> **WHAT IS REQUIRED**
Below are the entries. Transcribe exactly the lines from the one with "set ?W = snd" through the one with "snd (walk_travs W)))", ends included, and leave out all others.
---- DATA UNDER STUDY
lemma walk_travs_walk_of_travs: "walk_travs (walk_of_travs trs) = trs"
proof (rule nth_equalityI)
  show "length (walk_travs (walk_of_travs trs)) = length trs"
    by (simp add: walk_travs_def walk_of_travs_def)
next
  fix i assume "i < length (walk_travs (walk_of_travs trs))"
  then have i: "i < length trs" by (simp add: walk_travs_def walk_of_travs_def)
  have "((i + 1) mod length trs + length trs - 1) mod length trs = i"
  proof (cases "Suc i < length trs")
    case False
    then have "i = length trs - 1" using i by simp
    then show ?thesis using i by (cases "length trs") auto
  qed simp
  moreover have "Suc i mod length trs < length trs" by (rule mod_less_divisor) (use i in linarith)
  ultimately show "walk_travs (walk_of_travs trs) ! i = trs ! i"
    using i by (simp add: walk_travs_def walk_of_travs_def)
qed

lemma map_fst_walk_travs: "map fst (walk_travs W) = map snd W"
  unfolding walk_travs_def by (rule nth_equalityI) auto

lemma map_snd_walk_travs: "map snd (walk_travs W) = rotate1 (map fst W)"
proof (rule nth_equalityI)
  fix i assume "i < length (map snd (walk_travs W))"
  then have i: "i < length W" by (simp add: walk_travs_def)
  have "Suc i mod length W < length W" by (rule mod_less_divisor) (use i in linarith)
  then show "map snd (walk_travs W) ! i = rotate1 (map fst W) ! i"
    using i by (simp add: walk_travs_def nth_rotate1)
qed (simp add: walk_travs_def)

lemma set_walk_halfedges: "set (walk_halfedges W) = fst ` set W \<union> snd ` set W"
  unfolding walk_halfedges_def by (induction W) auto

lemma length_walk_halfedges: "length (walk_halfedges W) = 2 * length W"
  unfolding walk_halfedges_def by (induction W) auto

lemma distinct_walk_halfedges_transition:
  "distinct (walk_halfedges W) \<Longrightarrow> p \<in> set W \<Longrightarrow> fst p \<noteq> snd p"
  unfolding walk_halfedges_def by (induction W) auto

lemma set_walk_halfedges_walk_of_travs:
  "set (walk_halfedges (walk_of_travs trs)) = fst ` set trs \<union> snd ` set trs"
proof -
  let ?W = "walk_of_travs trs"
  have "fst ` set ?W = snd ` set trs"
    using arg_cong[OF map_snd_walk_travs[of ?W], of set] by (simp add: walk_travs_walk_of_travs)
  moreover have "snd ` set ?W = fst ` set trs"
    using arg_cong[OF map_fst_walk_travs[of ?W], of set] by (simp add: walk_travs_walk_of_travs)
  ultimately show ?thesis by (auto simp: set_walk_halfedges)
qed

lemma sum_list_rotate1: "sum_list (rotate1 xs) = (sum_list xs :: 'a :: comm_monoid_add)"
  by (cases xs) (simp_all add: add.commute)

lemma sum_transitions_telescope:
  fixes f :: "'h \<Rightarrow> 'a :: ab_group_add"
  shows "(\<Sum>p\<leftarrow>W. f (fst p) - f (snd p)) = (\<Sum>t\<leftarrow>walk_travs W. f (snd t) - f (fst t))"
proof -
  have "(\<Sum>t\<leftarrow>walk_travs W. f (snd t) - f (fst t))
      = sum_list (map f (map snd (walk_travs W))) - sum_list (map f (map fst (walk_travs W)))"
    by (simp add: sum_list_subtractf comp_def)
  also have "\<dots> = sum_list (map f (map fst W)) - sum_list (map f (map snd W))"
    by (simp only: map_snd_walk_travs map_fst_walk_travs rotate1_map[symmetric] sum_list_rotate1)
  finally show ?thesis by (simp add: sum_list_subtractf comp_def)
qed

lemma walk_halfedges_Cons [simp]: "walk_halfedges (p # W) = fst p # snd p # walk_halfedges W"
  by (simp add: walk_halfedges_def)

lemma distinct_walk_halfedges_disjoint:
  "distinct (walk_halfedges W) \<Longrightarrow> fst ` set W \<inter> snd ` set W = {}"
proof (induction W)
  case (Cons p W)
  then have "fst p \<notin> set (walk_halfedges W)" "snd p \<notin> set (walk_halfedges W)" "fst p \<noteq> snd p"
    "fst ` set W \<inter> snd ` set W = {}" by auto
  then show ?case unfolding set_walk_halfedges by auto
qed simp

lemma distinct_walk_travs: "distinct (walk_halfedges W) \<Longrightarrow> distinct (walk_travs W)"
proof -
  assume "distinct (walk_halfedges W)"
  then have "distinct (map snd W)" by (induction W) (auto simp: set_walk_halfedges)
  then have "distinct (map fst (walk_travs W))" by (simp only: map_fst_walk_travs)
  then show ?thesis by (simp add: distinct_map)
qed

lemma oriented_circuit_traverses_once:
  assumes W: "oriented_circuit H E eps W"
    and t: "t \<in> set (walk_travs W)" and t': "t' \<in> set (walk_travs W)"
    and same_edge: "{fst t', snd t'} = {fst t, snd t}"
  shows "t' = t"
proof (rule ccontr)
  assume "t' \<noteq> t"
  have "fst t' = fst t \<and> snd t' = snd t \<or> fst t' = snd t \<and> snd t' = fst t"
    using same_edge by (simp add: doubleton_eq_iff)
  then have "fst t' = snd t" using \<open>t' \<noteq> t\<close> by (auto simp: prod_eq_iff)
  moreover have "fst t' \<in> snd ` set W" using t' arg_cong[OF map_fst_walk_travs[of W], of set] by auto
  moreover have "snd t \<in> fst ` set W"
    using t arg_cong[OF map_snd_walk_travs[of W], of set] by auto
  ultimately have "fst t' \<in> fst ` set W \<inter> snd ` set W" by simp
  moreover have "fst ` set W \<inter> snd ` set W = {}"
    using W by (simp add: oriented_circuit_def distinct_walk_halfedges_disjoint)
  ultimately show False by blast
qed

lemma fundamental_circuit_other_traversals:
  assumes W: "oriented_circuit H E eps W" and fundamental: "walk_edges W - T = {e}"
    and t0: "t0 \<in> set (walk_travs W)" "{fst t0, snd t0} = e"
    and t: "t \<in> set (walk_travs W)" "t \<noteq> t0"
  shows "{fst t, snd t} \<in> T"
proof (rule ccontr)
  assume "{fst t, snd t} \<notin> T"
  moreover have "{fst t, snd t} \<in> walk_edges W" using t(1) unfolding walk_edges_def by (rule imageI)
  ultimately have "{fst t, snd t} \<in> walk_edges W - T" by simp
  then have "{fst t, snd t} = e" unfolding fundamental by simp
  with t0(2) have "t = t0" by (intro oriented_circuit_traverses_once[OF W t0(1) t(1)]) simp
  with t(2) show False by contradiction
qed

lemma sum_differences_single_jump:
  fixes f :: "'h \<Rightarrow> 'a :: ab_group_add"
  assumes "distinct xs" and t0: "t0 \<in> set xs" and flat: "\<And>t. t \<in> set xs \<Longrightarrow> t \<noteq> t0 \<Longrightarrow> f (snd t) = f (fst t)"
  shows "(\<Sum>t\<leftarrow>xs. f (snd t) - f (fst t)) = f (snd t0) - f (fst t0)"
proof -
  have "(\<Sum>t\<leftarrow>xs. f (snd t) - f (fst t)) = (\<Sum>t\<in>set xs. f (snd t) - f (fst t))"
    by (rule sum_list_distinct_conv_sum_set[OF assms(1)])
  also have "\<dots> = (\<Sum>t\<in>{t0}. f (snd t) - f (fst t))"
    by (rule sum.mono_neutral_right) (use t0 flat in auto)
  finally show ?thesis by simp
qed

section \<open>Forests\<close>

locale graph_forest =
  fixes V :: "'v set" and H :: "'h set" and E :: "'h set set" and eps :: "'h \<Rightarrow> 'v"
    and T :: "'h set set"
  assumes graph: "graph V H E eps" and forest: "forest H E eps T"
begin

lemma finite_H: "finite H"
  using graph by (simp add: graph_def)

lemma edge_halves:
  assumes "{a, b} \<in> E" shows "a \<in> H \<and> b \<in> H \<and> a \<noteq> b"
proof -
  have "card {a, b} = 2" "{a, b} \<subseteq> H" using graph assms by (auto simp: graph_def)
  then show ?thesis by (cases "a = b") auto
qed

lemma edges_disjoint: "e \<in> E \<Longrightarrow> e' \<in> E \<Longrightarrow> e \<noteq> e' \<Longrightarrow> e \<inter> e' = {}"
  using graph unfolding graph_def by blast

lemma tree_edge: "e \<in> T \<Longrightarrow> e \<in> E"
  using forest by (auto simp: forest_def)

lemma tree_edge_halves: "{a, b} \<in> T \<Longrightarrow> a \<in> H \<and> b \<in> H \<and> a \<noteq> b"
  using edge_halves tree_edge by blast

lemma no_tree_circuit: "oriented_circuit H E eps W \<Longrightarrow> walk_edges W \<subseteq> T \<Longrightarrow> False"
  using forest by (auto simp: forest_def)

fun tree_path :: "'v \<Rightarrow> 'v \<Rightarrow> ('h \<times> 'h) list \<Rightarrow> bool" where
  "tree_path u w [] \<longleftrightarrow> u = w"
| "tree_path u w (t # r) \<longleftrightarrow> {fst t, snd t} \<in> T \<and> eps (fst t) = u \<and> tree_path (eps (snd t)) w r"

definition path_verts :: "'v \<Rightarrow> ('h \<times> 'h) list \<Rightarrow> 'v list" where
  "path_verts u r = u # map (\<lambda>t. eps (snd t)) r"

lemma tree_path_append: "tree_path u w r \<Longrightarrow> tree_path w z r' \<Longrightarrow> tree_path u z (r @ r')"
  by (induction r arbitrary: u) auto

lemma tree_path_nth:
  "tree_path u w r \<Longrightarrow> i < length r \<Longrightarrow>
    eps (fst (r ! i)) = path_verts u r ! i \<and> eps (snd (r ! i)) = path_verts u r ! Suc i"
  by (induction r arbitrary: u i) (auto simp: path_verts_def nth_Cons split: nat.split)

lemma tree_path_end: "tree_path u w r \<Longrightarrow> path_verts u r ! length r = w"
  by (induction r arbitrary: u) (auto simp: path_verts_def)

lemma tree_path_edge:
  "tree_path u w r \<Longrightarrow> t \<in> set r \<Longrightarrow>
    {fst t, snd t} \<in> T \<and> eps (fst t) \<in> set (path_verts u r) \<and> eps (snd t) \<in> set (path_verts u r)"
  by (induction r arbitrary: u) (auto simp: path_verts_def)

lemma tree_path_edge_vertex:
  assumes "tree_path u w r" and "{a, b} \<in> (\<lambda>t. {fst t, snd t}) ` set r"
  shows "eps a \<in> set (path_verts u r)"
proof -
  obtain t where "t \<in> set r" and "a = fst t \<or> a = snd t"
    using assms(2) by (auto simp: doubleton_eq_iff)
  then show ?thesis using tree_path_edge[OF assms(1)] by blast
qed

lemma tree_path_distinct_edges:
  "tree_path u w r \<Longrightarrow> distinct (path_verts u r) \<Longrightarrow> distinct (map (\<lambda>t. {fst t, snd t}) r)"
proof (induction r arbitrary: u)
  case (Cons t r)
  then have "eps (fst t) \<notin> set (path_verts (eps (snd t)) r)" by (simp add: path_verts_def)
  then have "{fst t, snd t} \<notin> (\<lambda>t. {fst t, snd t}) ` set r"
    using tree_path_edge_vertex[of "eps (snd t)" w r "fst t" "snd t"] Cons.prems(1) by auto
  then show ?case using Cons.IH[of "eps (snd t)"] Cons.prems by (simp add: path_verts_def)
qed simp

lemma distinct_halves_of_distinct_edges:
  "\<forall>t\<in>set trs. {fst t, snd t} \<in> E \<Longrightarrow> distinct (map (\<lambda>t. {fst t, snd t}) trs) \<Longrightarrow>
    distinct (concat (map (\<lambda>t. [fst t, snd t]) trs))"
proof (induction trs)
  case (Cons t trs)
  have "{fst t, snd t} \<inter> {fst t', snd t'} = {}" if "t' \<in> set trs" for t'
    using Cons.prems that edges_disjoint[of "{fst t, snd t}" "{fst t', snd t'}"] by auto
  then have "fst t \<notin> fst ` set trs \<union> snd ` set trs" "snd t \<notin> fst ` set trs \<union> snd ` set trs"
    by fastforce+
  moreover have "fst t \<noteq> snd t" using Cons.prems(1) edge_halves[of "fst t" "snd t"] by simp
  moreover have "distinct (concat (map (\<lambda>t. [fst t, snd t]) trs))" using Cons by simp
  moreover have "set (concat (map (\<lambda>t. [fst t, snd t]) trs)) = fst ` set trs \<union> snd ` set trs"
    by auto
  ultimately show ?case by simp
qed simp

lemma closed_tree_path_prev:
  assumes "tree_path u u trs" and "i < length trs"
  shows "eps (snd (trs ! ((i + length trs - 1) mod length trs))) = eps (fst (trs ! i))"
proof (cases i)
  case 0
  then have "(i + length trs - 1) mod length trs = length trs - 1" using assms(2) by simp
  then show ?thesis using assms 0 tree_path_nth[OF assms(1), of "length trs - 1"]
      tree_path_nth[OF assms(1), of 0] tree_path_end[OF assms(1)] by (simp add: path_verts_def)
next
  case (Suc j)
  then have "(i + length trs - 1) mod length trs = j" using assms(2) by simp
  then show ?thesis using assms Suc tree_path_nth[OF assms(1), of j] tree_path_nth[OF assms(1), of i]
    by simp
qed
--------
> **THE ANSWER**
  have "fst ` set ?W = snd ` set trs"
    using arg_cong[OF map_snd_walk_travs[of ?W], of set] by (simp add: walk_travs_walk_of_travs)
  moreover have "snd ` set ?W = fst ` set trs"
    using arg_cong[OF map_fst_walk_travs[of ?W], of set] by (simp add: walk_travs_walk_of_travs)
  ultimately show ?thesis by (auto simp: set_walk_halfedges)
qed

lemma sum_list_rotate1: "sum_list (rotate1 xs) = (sum_list xs :: 'a :: comm_monoid_add)"
  by (cases xs) (simp_all add: add.commute)

lemma sum_transitions_telescope:
  fixes f :: "'h \<Rightarrow> 'a :: ab_group_add"
  shows "(\<Sum>p\<leftarrow>W. f (fst p) - f (snd p)) = (\<Sum>t\<leftarrow>walk_travs W. f (snd t) - f (fst t))"
proof -
  have "(\<Sum>t\<leftarrow>walk_travs W. f (snd t) - f (fst t))
      = sum_list (map f (map snd (walk_travs W))) - sum_list (map f (map fst (walk_travs W)))"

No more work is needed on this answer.